MATERIAL SUPPLIED =>
(* For groups with topology $G_1,G_2$, the canonical epimorphism $k:F_M(G_1\sqcup G_2)\to\tau(G_1)\ast\tau(G_2)$, which sends each generator $g\in G_i$ to the element $g$ of the factor $\tau(G_i)$, is a topological quotient map.
   Context: A group with topology is a group with an arbitrary topology. $G_1\sqcup G_2$ is the topological disjoint union. $F_M(S)$ is the free (Markov) topological group on a space $S$. For a group with topology $G$, $\tau(G)$ is $G$ with the quotient topology with respect to the multiplication epimorphism $m_G:F_M(G)\to G$ sending each generator $g$ to $g$. For topological groups $H_1,H_2$, $H_1\ast H_2$ is the free topological product, i.e. the coproduct in the category of topological groups (underlying group the free product). *)

theory Defs
  imports "HOL-Analysis.Product_Topology" "HOL-Algebra.Group"
begin

text \<open>A group with topology is a group G together with an arbitrary topology T
  with topspace T = carrier G.  A group topology is one for which multiplication
  and inversion are continuous (no separation axiom required).\<close>

definition group_topology :: "'a monoid \<Rightarrow> 'a topology \<Rightarrow> bool" where
  "group_topology G T \<longleftrightarrow>
     topspace T = carrier G \<and>
     continuous_map (prod_topology T T) T (\<lambda>(x, y). x \<otimes>\<^bsub>G\<^esub> y) \<and>
     continuous_map T T (\<lambda>x. inv\<^bsub>G\<^esub> x)"

definition finest_group_topology :: "'a monoid \<Rightarrow> ('a topology \<Rightarrow> bool) \<Rightarrow> 'a topology" where
  "finest_group_topology G P =
     (THE T. group_topology G T \<and> P T \<and>
        (\<forall>T'. group_topology G T' \<and> P T' \<longrightarrow> (\<forall>U. openin T' U \<longrightarrow> openin T U)))"

definition quotient_topology :: "'a topology \<Rightarrow> ('a \<Rightarrow> 'b) \<Rightarrow> 'b set \<Rightarrow> 'b topology" where
  "quotient_topology X f Y =
     topology (\<lambda>U. U \<subseteq> Y \<and> openin X {x \<in> topspace X. f x \<in> U})"

definition disjoint_union_topology :: "'a topology \<Rightarrow> 'b topology \<Rightarrow> ('a + 'b) topology" where
  "disjoint_union_topology T1 T2 =
     topology (\<lambda>U. U \<subseteq> Inl ` topspace T1 \<union> Inr ` topspace T2 \<and>
                   openin T1 (Inl -` U) \<and> openin T2 (Inr -` U))"

text \<open>Letters are pairs (x, b): b = True means the generator x, b = False its inverse.\<close>

fun fg_reduced :: "('a \<times> bool) list \<Rightarrow> bool" where
  "fg_reduced ((x, b) # (y, c) # ws) \<longleftrightarrow> \<not> (x = y \<and> b \<noteq> c) \<and> fg_reduced ((y, c) # ws)"
| "fg_reduced _ \<longleftrightarrow> True"

definition fg_cons :: "'a \<times> bool \<Rightarrow> ('a \<times> bool) list \<Rightarrow> ('a \<times> bool) list" where
  "fg_cons l ws = (case ws of [] \<Rightarrow> [l]
     | l' # ws' \<Rightarrow> if fst l = fst l' \<and> snd l \<noteq> snd l' then ws' else l # ws)"

definition free_group :: "'a set \<Rightarrow> ('a \<times> bool) list monoid" where
  "free_group S =
     \<lparr>carrier = {w. fst ` set w \<subseteq> S \<and> fg_reduced w},
      mult = (\<lambda>u v. foldr fg_cons u v),
      one = []\<rparr>"

definition fg_gen :: "'a \<Rightarrow> ('a \<times> bool) list" where
  "fg_gen x = [(x, True)]"

definition free_ext :: "'b monoid \<Rightarrow> ('a \<Rightarrow> 'b) \<Rightarrow> ('a \<times> bool) list \<Rightarrow> 'b" where
  "free_ext H f w =
     foldr (\<lambda>(x, b) acc. (if b then f x else inv\<^bsub>H\<^esub> (f x)) \<otimes>\<^bsub>H\<^esub> acc) w \<one>\<^bsub>H\<^esub>"

definition FM_top :: "'a topology \<Rightarrow> ('a \<times> bool) list topology" where
  "FM_top S = finest_group_topology (free_group (topspace S)) (\<lambda>T. continuous_map S T fg_gen)"

definition tau_top :: "'a monoid \<Rightarrow> 'a topology \<Rightarrow> 'a topology" where
  "tau_top G T = quotient_topology (FM_top T) (free_ext G id) (carrier G)"

definition fp_letter_ok :: "'a monoid \<Rightarrow> 'b monoid \<Rightarrow> 'a + 'b \<Rightarrow> bool" where
  "fp_letter_ok G1 G2 l = (case l of
      Inl a \<Rightarrow> a \<in> carrier G1 \<and> a \<noteq> \<one>\<^bsub>G1\<^esub>
    | Inr b \<Rightarrow> b \<in> carrier G2 \<and> b \<noteq> \<one>\<^bsub>G2\<^esub>)"

definition fp_cons :: "'a monoid \<Rightarrow> 'b monoid \<Rightarrow> 'a + 'b \<Rightarrow> ('a + 'b) list \<Rightarrow> ('a + 'b) list" where
  "fp_cons G1 G2 l ws = (case (l, ws) of
      (Inl a, Inl a' # ws') \<Rightarrow>
         (if a \<otimes>\<^bsub>G1\<^esub> a' = \<one>\<^bsub>G1\<^esub> then ws' else Inl (a \<otimes>\<^bsub>G1\<^esub> a') # ws')
    | (Inr b, Inr b' # ws') \<Rightarrow>
         (if b \<otimes>\<^bsub>G2\<^esub> b' = \<one>\<^bsub>G2\<^esub> then ws' else Inr (b \<otimes>\<^bsub>G2\<^esub> b') # ws')
    | _ \<Rightarrow> l # ws)"

definition free_product :: "'a monoid \<Rightarrow> 'b monoid \<Rightarrow> ('a + 'b) list monoid" where
  "free_product G1 G2 =
     \<lparr>carrier = {ws. (\<forall>l \<in> set ws. fp_letter_ok G1 G2 l) \<and>
                     (\<forall>i. Suc i < length ws \<longrightarrow> isl (ws ! i) \<noteq> isl (ws ! Suc i))},
      mult = (\<lambda>u v. foldr (fp_cons G1 G2) u v),
      one = []\<rparr>"

definition fp_inl :: "'a monoid \<Rightarrow> 'a \<Rightarrow> ('a + 'b) list" where
  "fp_inl G1 a = (if a = \<one>\<^bsub>G1\<^esub> then [] else [Inl a])"

definition fp_inr :: "'b monoid \<Rightarrow> 'b \<Rightarrow> ('a + 'b) list" where
  "fp_inr G2 b = (if b = \<one>\<^bsub>G2\<^esub> then [] else [Inr b])"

WORK REQUEST =>
Each line containing the word "groups" needs to be copied from the data above.

RESPONSE TO THE TASK =>
(* For groups with topology $G_1,G_2$, the canonical epimorphism $k:F_M(G_1\sqcup G_2)\to\tau(G_1)\ast\tau(G_2)$, which sends each generator $g\in G_i$ to the element $g$ of the factor $\tau(G_i)$, is a topological quotient map.
   Context: A group with topology is a group with an arbitrary topology. $G_1\sqcup G_2$ is the topological disjoint union. $F_M(S)$ is the free (Markov) topological group on a space $S$. For a group with topology $G$, $\tau(G)$ is $G$ with the quotient topology with respect to the multiplication epimorphism $m_G:F_M(G)\to G$ sending each generator $g$ to $g$. For topological groups $H_1,H_2$, $H_1\ast H_2$ is the free topological product, i.e. the coproduct in the category of topological groups (underlying group the free product). *)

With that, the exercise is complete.